Standards — How to Hit Each

  • ALS in residence completed — the hard SSgt pin prerequisite under DAFI 36-2502.
    Track the regional NCO Academy's ALS slate schedule and get your name on a class as soon as the section chief opens the slate. The NCO Academy classes fill on a first-nominated basis in most regions; the SrA who waits for the section chief to bring it up is the one waiting for the next available class. ALS is typically 24 academic days in residence; plan the leave and the position coverage conversation with the watch supervisor before the slot is confirmed.
  • ATC medical (FAA Class II equivalent) current — annual renewal with the squadron flight surgeon.
    Schedule the annual renewal 30 days before the expiration date, not the day of. The flight surgeon's appointment calendar is competitive at operational installations; scheduling late means running non-current if the first available appointment is after the expiration.
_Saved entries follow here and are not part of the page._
lemma linear_orthant_chamber:
  assumes generic: "\<forall>J\<in>connected_subsets E. subset_sum J x0 \<noteq> 0"
  shows "linear_orthant (chamber (connected_subsets E) x0)"
proof -
  define f where "f k = prefix_sum k x0" for k
  obtain \<sigma> where \<sigma>: "bij_betw \<sigma> {..CARD('n)} {..CARD('n)}"
    "\<And>s t. s < t \<Longrightarrow> t \<le> CARD('n) \<Longrightarrow> f (\<sigma> s) < f (\<sigma> t)"
    using sorting_bijection[OF prefix_sums_distinct[OF generic]] unfolding f_def by blast
  \<comment> \<open>the walls of the chamber are the consecutive differences of the sorted prefix sums\<close>
  define g where "g i x = prefix_sum (\<sigma> (Suc (p i))) x - prefix_sum (\<sigma> (p i)) x" for i x
  have "chamber (connected_subsets E) x0 = {x. \<forall>i. 0 < g i x}"
  proof (intro set_eqI)
    have all_p: "(\<forall>t<CARD('n). P t) \<longleftrightarrow> (\<forall>i. P (p i))" for P
      using p_less p_vertex by metis
    fix x
    show "x \<in> chamber (connected_subsets E) x0 \<longleftrightarrow> x \<in> {x. \<forall>i. 0 < g i x}"
      using same_order_iff_sorted_steps[where f = f and g = "\<lambda>k. prefix_sum k x", OF \<sigma>]
      unfolding chamber_eq f_def g_def all_p by simp
  qed
  moreover have "linear_orthant {x. \<forall>i. 0 < g i x}"
  proof (rule linear_orthant_of_forms)
    show "linear (g i)" for i
      unfolding g_def prefix_sum_def by (intro linear_compose_sub linear_subset_sum)
    fix x assume steps: "\<And>i. g i x = 0"
    have "prefix_sum (\<sigma> t) x = prefix_sum (\<sigma> 0) x" if "t \<le> CARD('n)" for t
      using that
    proof (induction t)
      case (Suc t)
      then show ?case
        using steps[of "vertex t"] p_vertex[of t] by (simp add: g_def)
    qed simp
    moreover have "\<exists>t\<le>CARD('n). k = \<sigma> t" if "k \<le> CARD('n)" for k
      using \<sigma>(1) that by (force simp: bij_betw_def)
    ultimately show "x = 0"
      by (intro eq_0_if_prefix_sums_eq) (metis le0)
  qed
  ultimately show ?thesis
    by simp
qed

end

lemma simplicial_if_path_graph:
  assumes "is_path_graph E"
  shows "simplicial_arrangement (connected_subgraph_arrangement E)"
proof -
  obtain p where "bij_betw p UNIV {0..<CARD('a)}" "\<And>u v. E u v \<longleftrightarrow> p u = p v + 1 \<or> p v = p u + 1"
    using assms unfolding is_path_graph_def by blast
  then interpret path_order E p
    by unfold_locales
  show ?thesis
    unfolding simplicial_connected_subgraph_arrangement_iff
    using linear_orthant_chamber open_simplicial_cone_if_linear_orthant by blast
qed
fun fv_evset :: "('e,'v) evset \<Rightarrow> 'v set" where
  "fv_evset (EvSet f ys) = (\<Union>y\<in>set ys. fv_atom y)"

primrec fv :: "('e,'v) proc \<Rightarrow> 'v set" where
  "fv STOP = {}"
| "fv FAIL = {}"
| "fv (Prefix x E P) = fv_evset E \<union> (fv P - {x})"
| "fv (Ext P Q) = fv P \<union> fv Q"
| "fv (Par P E Q) = fv P \<union> fv_evset E \<union> fv Q"

definition closed :: "('e,'v) proc \<Rightarrow> bool" where
  "closed P \<longleftrightarrow> fv P = {}"

(* denotation of an event set (meaningful for closed event sets) *)
fun atom_val :: "('e,'v) atom \<Rightarrow> 'e" where
  "atom_val (Ev e) = e"
| "atom_val (Var x) = undefined"

fun den :: "('e,'v) evset \<Rightarrow> 'e set" where
  "den (EvSet f ys) = f (map atom_val ys)"

fun subst_atom :: "'v \<Rightarrow> 'e \<Rightarrow> ('e,'v) atom \<Rightarrow> ('e,'v) atom" where
  "subst_atom x e (Var y) = (if y = x then Ev e else Var y)"
| "subst_atom x e (Ev d) = Ev d"

fun subst_evset :: "'v \<Rightarrow> 'e \<Rightarrow> ('e,'v) evset \<Rightarrow> ('e,'v) evset" where
  "subst_evset x e (EvSet f ys) = EvSet f (map (subst_atom x e) ys)"

primrec subst :: "'v \<Rightarrow> 'e \<Rightarrow> ('e,'v) proc \<Rightarrow> ('e,'v) proc" where
  "subst x e STOP = STOP"
| "subst x e FAIL = FAIL"
| "subst x e (Prefix y E P) =
     Prefix y (subst_evset x e E) (if y = x then P else subst x e P)"
| "subst x e (Ext P Q) = Ext (subst x e P) (subst x e Q)"
| "subst x e (Par P E Q) = Par (subst x e P) (subst_evset x e E) (subst x e Q)"

lemma size_subst_atom[simp]: "size (subst_atom x e a) = size a"
  by (cases a) auto
lemma footprint_match_exists:
  assumes J: "weakly_monotone_interp J"
    and decl_ok: "\<forall>s. closed_s (decl s) \<and> wf_s (decl s) \<and> canon_s (decl s) \<and> skel_s (decl s) = styp s"
  shows "\<lbrakk> t = apps (Sym h) qs; \<forall>p\<in>set qs. is_pat styp p; distinct (var_occs t);
           sized_typ decl J Map.empty (tsubst \<sigma> t) \<rho>; finite S \<rbrakk>
         \<Longrightarrow> \<exists>N \<Gamma> \<tau> \<theta>. finite N \<and> N \<inter> S = {} \<and> footprint_match decl J \<sigma> t \<rho> N \<Gamma> \<tau> \<theta>"
proof (induction t arbitrary: h qs \<rho> S)
  case (Sym h')
  then show ?case
    using footprint_match_Sym[OF J] decl_ok apps_eq_Sym by (metis tsubst.simps(2))
next
  case (App t p)
  obtain qs' where qs: "qs = qs' @ [p]" and t: "t = apps (Sym h) qs'"
    using apps_eq_App App.prems(1) by metis
  have pats: "\<forall>q\<in>set qs'. is_pat styp q" and "is_pat styp p"
    using App.prems(2) qs by auto
  have lin: "distinct (var_occs t)" "distinct (var_occs p)" and disj: "tfv t \<inter> tfv p = {}"
    using App.prems(3) tfv_subset_var_occs[of t] tfv_subset_var_occs[of p] by auto
  obtain n t1 r' t2 "is" where typed_t: "sized_typ decl J Map.empty (tsubst \<sigma> t) (Arr (Forall n t1) r')"
    and typed_p: "sized_typ decl J Map.empty (tsubst \<sigma> p) t2" and "length is = n"
    and sub_p: "subm J t2 (open_names is t1)" and sub_r: "subm J r' \<rho>"
    using sized_typ_App_inv[OF App.prems(4)[simplified] refl J] by (auto simp: fresh_names_def)
  obtain N1 \<Gamma>1 \<tau>1 \<theta>1 where N1: "finite N1" "N1 \<inter> S = {}"
    and M1: "footprint_match decl J \<sigma> t (Arr (Forall n t1) r') N1 \<Gamma>1 \<tau>1 \<theta>1"
    using App.IH(1)[OF t pats lin(1) typed_t App.prems(5)] by blast
  then obtain m \<rho>1 r1 bs where \<tau>1: "\<tau>1 = Arr (Forall m \<rho>1) r1"
    and bs: "length bs = m" "\<forall>b\<in>set bs. ilc [] b"
    and "subm J (open_names is t1) (open_m 0 bs (isub_m \<theta>1 \<rho>1))" "subm J (isub_m \<theta>1 r1) r'"
    using subm_isub_Arr_instance[of J \<theta>1 \<tau>1 n t1 r' "is"] \<open>length is = n\<close>
    by (auto simp: footprint_match_def)
  then have typed_p': "sized_typ decl J Map.empty (tsubst \<sigma> p) (open_m 0 bs (isub_m \<theta>1 \<rho>1))"
    and sub: "subm J (isub_m \<theta>1 r1) \<rho>"
    using typed_p sub_p sub_r by (auto intro: sized_typ.T_Sub subm_trans)
  from \<open>is_pat styp p\<close> show ?case
  proof cases
    case (pat_var x)
    then have "x \<notin> tfv t"
      using disj by auto
    from footprint_match_AppVar[OF M1[unfolded \<tau>1] this bs _ sub N1 App.prems(5)] typed_p'
    show ?thesis
      using pat_var by (simp, blast)
  next
    case (pat_con c B ps)
    \<comment> \<open>the footprint of \<open>p\<close> avoids \<open>N1\<close>, so that \<open>\<theta>1\<close> and \<open>\<theta>2\<close> can be merged\<close>
    have fin: "finite (S \<union> N1)"
      using App.prems(5) N1(1) by simp
    obtain N2 \<Gamma>2 \<tau>2 \<theta>2 where N2: "finite N2" "N2 \<inter> (S \<union> N1) = {}"
      and M2: "footprint_match decl J \<sigma> p (open_m 0 bs (isub_m \<theta>1 \<rho>1)) N2 \<Gamma>2 \<tau>2 \<theta>2"
      using App.IH(2)[OF pat_con(1) pat_con(4) lin(2) typed_p' fin] by blast
    have skel: "skel_m \<tau>2 = SBase B"
      using fp_skel[of decl \<Gamma>2 p \<tau>2 "Cn c" ps] M2 decl_ok pat_con(1-3)
      by (simp add: footprint_match_def funpow_s_cod_arity)
    from M1 have "fp decl \<Gamma>1 t \<tau>1" and closed1: "closed_isub \<theta>1"
      by (simp_all add: footprint_match_def)
    then have "spine_ok \<tau>1"
      using fp_spine_ok decl_ok by blast
    then obtain i a where i: "m = 0" "\<rho>1 = Base B (IFree i)" "i \<notin> fnv_m r1"
      and M2': "footprint_match decl J \<sigma> p (Base B (\<theta>1 i)) N2 \<Gamma>2 (Base B a) \<theta>2"
      using footprint_match_base_argument[OF _ closed1 M2 skel] \<tau>1 by blast
    moreover have "N1 \<inter> N2 = {}" "\<not> is_var p"
      using N2 pat_con(1) apps_not_var by auto
    ultimately have "footprint_match decl J \<sigma> (App t p) \<rho> (N1 \<union> N2) (\<Gamma>1 ++ \<Gamma>2)
        (isub_m (IFree(i := a)) r1) (\<lambda>j. if j \<in> N1 then \<theta>1 j else \<theta>2 j)"
      using footprint_match_AppNVar[OF J, of decl \<sigma> t _ N1 \<Gamma>1 B i r1 \<theta>1 \<rho> p N2 \<Gamma>2 a \<theta>2]
        M1 M2' \<tau>1 i sub disj by simp
    moreover have "finite (N1 \<union> N2)" "(N1 \<union> N2) \<inter> S = {}"
      using N1 N2 by auto
    ultimately show ?thesis
      by blast
  qed
qed (metis apps_neq)+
Self-report any medical event that could affect the clearance before the renewal — the flight surgeon who hears about it during the exam and finds out you knew about it before the appointment has a different conversation than the one who heard about it from you first.
  • Second position certification in progress per the facility training plan.
    The number of position certifications you hold determines your deployment eligibility and your assignment competitiveness. After the first certification is signed, ask the section chief which certification to train toward next and what the typical timeline looks like. Do not wait for the trainer to assign a second certification path; ask for it. The journeyman who holds three certifications by mid-SrA is more competitive at the SSgt board and at the next assignment than the journeyman who holds one.
  • WAPS taken inside the first window available — SSgt PFE and 1C1X1 SKT on schedule per AFPC promotion message.
    Missing the first WAPS window is a promotion cycle lost. The AFPC promotion message publishes the testing window; get the test scheduled the first day the window opens. Start SKT study 90 days before the test date using the reference list in the promotion message. The SrA who tests every cycle and improves their SKT score has a better cumulative WAPS package than the one who waits for the 'right' cycle.
  • CCAF transcript building toward the Air Traffic Management or Aviation Technology AAS.
    Enroll in CCAF if you have not already — position certifications and ATC military training credit are applied to the transcript automatically after enrollment, but not retroactively. The AAS requires general education credits in addition to technical credits; the AFPC virtual education center and the base education center can advise on the fastest completion path given your current credit inventory.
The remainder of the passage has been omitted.